After the Council of Trent, one of his masses was recommended as a model, so it is said, of what church music should be. He was again granted the pay of singer in the Pontifical Choir, as he had been years before, but this time, due to his well-known skill, he did not lose his post when other popes succeeded in office. Many of his masses in manuscript are now in the Vatican library.
In 1575, fifteen hundred singers from Palestrina,—priests, laymen, boys and women, marched into Rome singing Giovanni Pierluigi’s music, with the great composer leading them. This shows, that he was appreciated.
He was asked to revise some of the old church music and while he tried, he so hated to change the work of other composers whom he respected, that he never finished the task. It was like asking Stravinsky to put up-to-date harmonies into Beethoven.
A list of his compositions published by Breitkopf and Haertel include 93 Masses, 179 Motets, and 45 Hymns for the year, 68 Offertories, 3 books of Lamentations, 3 books of Litanies, 2 books of Magnificats, 4 books of Madrigals. A big list, isn’t it? But his activities covered a long period, and he composed to the time of his death (1594).
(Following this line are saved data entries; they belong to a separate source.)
lemma Ogrp_Ah_id_if_gt_fact:
  assumes "0 < h" "fact n < h"
  shows "Ogrp h n (Ah_id h) = Sh_id h"
proof (rule Ogrp_eqI)
  have "orbit_U h p (Sh_id h) = orbit_U h p (Ah_id h)" if "p \<in> profiles h n" for p
    using ex_inj_profile_iff[of h n] assms(2) that by (intro orbit_Sh_id_eq_orbit_Ah_id) auto
  then show "Sh_id h \<in> Aset h n (Ah_id h)"
    unfolding Aset_def
    using Ah_id_subset_Sh_id regular_if_subset_Sh_id[OF is_subgroup_Sh_id] by auto
  show "V \<subseteq> Sh_id h" if "V \<in> Aset h n (Ah_id h)" for V
    using Aset_subset_Sh_id[OF assms(1) Ah_id_subset_Sh_id that] .
qed

lemma mem_G1F_if_act_mem_orbit_U:
  assumes "g \<in> Sh_id h" "\<forall>p\<in>profiles h n. act h p g \<in> orbit_U h p (G1F h n F)"
  shows "g \<in> G1F h n F"
proof -
  have "F (act h p g) = snd g \<circ> F p" if p: "p \<in> profiles h n" for p
  proof -
    obtain u where u: "u \<in> GF h n F" "u \<in> Sh_id h" "act h p g = act h p u"
      using assms(2) p unfolding orbit_U_def G1F_def by blast
    have "F (act h p u) = snd u \<circ> F p"
      using u(1) p unfolding GF_def by blast
    moreover have "snd u = snd g"
      using u(2) assms(1) unfolding Sh_id_def by force
    ultimately show ?thesis
      using u(3) by simp
  qed
  moreover have "g \<in> Gh h n" using assms(1) by (auto simp: Sh_id_def)
  ultimately show ?thesis using assms(1) unfolding G1F_def GF_def by blast
qed

lemma Ogrp_anonymity_group:
  assumes "0 < h" "anonymity_group h n U"
  shows "Ogrp h n U = U"
proof (rule Ogrp_eqI)
  obtain F where U: "U \<subseteq> Sh_id h" "is_subgroup h n U" "U = G1F h n F"
    using assms(2) unfolding anonymity_group_def by blast
  then show "U \<in> Aset h n U"
    by (intro mem_Aset_self regular_if_subset_Sh_id)
  show "V \<subseteq> U" if V: "V \<in> Aset h n U" for V
  proof
    fix g assume "g \<in> V"
    then have "\<forall>p\<in>profiles h n. act h p g \<in> orbit_U h p (G1F h n F)"
      using act_mem_orbit_U_if_mem_Aset[OF V] U(3) by blast
    moreover have "g \<in> Sh_id h"
      using Aset_subset_Sh_id[OF assms(1) U(1) V] \<open>g \<in> V\<close> ..
    ultimately show "g \<in> U"
      using mem_G1F_if_act_mem_orbit_U U(3) by blast
  qed
qed

definition orbit_repr :: "nat \<Rightarrow> (perm \<times> perm) set \<Rightarrow> profile \<Rightarrow> profile" where
  "orbit_repr h U p = (SOME q. q \<in> orbit_U h p U)"

lemma orbit_repr_mem:
  assumes "is_subgroup h n U" "p \<in> profiles h n"
  shows "orbit_repr h U p \<in> orbit_U h p U"
  unfolding orbit_repr_def using mem_orbit_U_self[OF assms]
  by (rule someI[where P = "\<lambda>q. q \<in> orbit_U h p U"])

lemma orbit_repr_eq:
  assumes "is_subgroup h n U" "p \<in> profiles h n" "q \<in> orbit_U h p U"
  shows "orbit_repr h U q = orbit_repr h U p"
  unfolding orbit_repr_def using orbit_U_eq_of_mem[OF assms] by simp

definition parity_SPF :: "nat \<Rightarrow> profile \<Rightarrow> perm" where
  "parity_SPF h p =
     (if p \<in> orbit_U h (orbit_repr h (Sh_id h) p) (Ah_id h) then id else transpose 0 1)"

lemma mem_orbit_U_Ah_id_iff:
  "q' \<in> orbit_U h q (Ah_id h) \<longleftrightarrow> (\<exists>\<beta>. \<beta> permutes {..<h} \<and> evenperm \<beta> \<and> q' = act h q (\<beta>, id))"
  unfolding orbit_U_def Ah_id_def by blast

lemma act_mem_orbit_Ah_id_iff:
  assumes "inj_on p {..<h}" "\<phi> permutes {..<h}" "\<alpha> permutes {..<h}"
  shows "act h p (\<phi>, id) \<in> orbit_U h (act h p (\<alpha>, id)) (Ah_id h) \<longleftrightarrow> (evenperm \<phi> \<longleftrightarrow> evenperm \<alpha>)"
proof -
  have act_comp: "act h (act h p (\<alpha>, id)) (\<beta>, id) = act h p (\<beta> \<circ> \<alpha>, id)"
    if "\<beta> permutes {..<h}" for \<beta>
    using act_gmult[of "(\<alpha>, id)" h 0 "(\<beta>, id)" p] that assms(3) by (simp add: gmult_def)
  have "act h p (\<phi>, id) \<in> orbit_U h (act h p (\<alpha>, id)) (Ah_id h) \<longleftrightarrow>
      (\<exists>\<beta>. \<beta> permutes {..<h} \<and> evenperm \<beta> \<and> act h p (\<phi>, id) = act h p (\<beta> \<circ> \<alpha>, id))"
    unfolding mem_orbit_U_Ah_id_iff by (simp add: act_comp cong: conj_cong)
  also have "\<dots> \<longleftrightarrow> (\<exists>\<beta>. \<beta> permutes {..<h} \<and> evenperm \<beta> \<and> \<phi> = \<beta> \<circ> \<alpha>)"
    using act_voters_inj[OF assms(1,2)] assms(3) permutes_compose by blast
  also have "\<dots> \<longleftrightarrow> (evenperm \<phi> \<longleftrightarrow> evenperm \<alpha>)"
  proof
    assume "\<exists>\<beta>. \<beta> permutes {..<h} \<and> evenperm \<beta> \<and> \<phi> = \<beta> \<circ> \<alpha>"
    then show "evenperm \<phi> \<longleftrightarrow> evenperm \<alpha>"
      using assms(3) by (auto simp: evenperm_comp permutes_lessThan_permutation)
  next
    assume even: "evenperm \<phi> \<longleftrightarrow> evenperm \<alpha>"
    have "\<phi> \<circ> inv \<alpha> permutes {..<h}"
      using assms(2,3) by (simp add: permutes_compose permutes_inv)
    moreover have "\<phi> = (\<phi> \<circ> inv \<alpha>) \<circ> \<alpha>"
      using permutes_inv_o(2)[OF assms(3)] by (simp add: comp_assoc)
    moreover have "evenperm (\<phi> \<circ> inv \<alpha>)"
      using even assms(2,3) permutes_lessThan_permutation[OF permutes_inv[OF assms(3)]]
      by (simp add: evenperm_comp evenperm_inv permutes_lessThan_permutation)
    ultimately show "\<exists>\<beta>. \<beta> permutes {..<h} \<and> evenperm \<beta> \<and> \<phi> = \<beta> \<circ> \<alpha>"
      by blast
  qed
  finally show ?thesis .
qed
He had very few pupils whose names have come down to us.
Palestrina never had great wealth, and some biographers make him seem poverty-stricken and suffering. At any rate, he was granted his heart’s desire, to compose as much as he wanted to, and even if he was poor, he had the joy of success and the glory of being recognized as the greatest composer of his time in Italy. His works have outlived many other schools of composition, and today are looked upon as models of beauty and of masterly workmanship.
Palestrina was honored by burial in St. Peter’s, and on his tombstone are the words “Princeps Musicæ” (Prince of Music).
You must not think that Palestrina was the only famous Italian composer of the 16th century, for Constanza Festa who died before Palestrina did his important work is called the first Italian master of the polyphonic school. There were also Animuccia, Andrea Gabrieli, and Andrea’s nephew Giovanni Gabrieli. Giovanni was a Venetian, and the Venetians loved rich coloring in everything, even in their music. Gabrieli tried to get it by using cornets, trombones and violins with the organ, which at that time could not make a crescendo, that is, its volume could not be increased, but as these instruments could all be played soft or loud with crescendo effects, he created a color or quality that never had been before.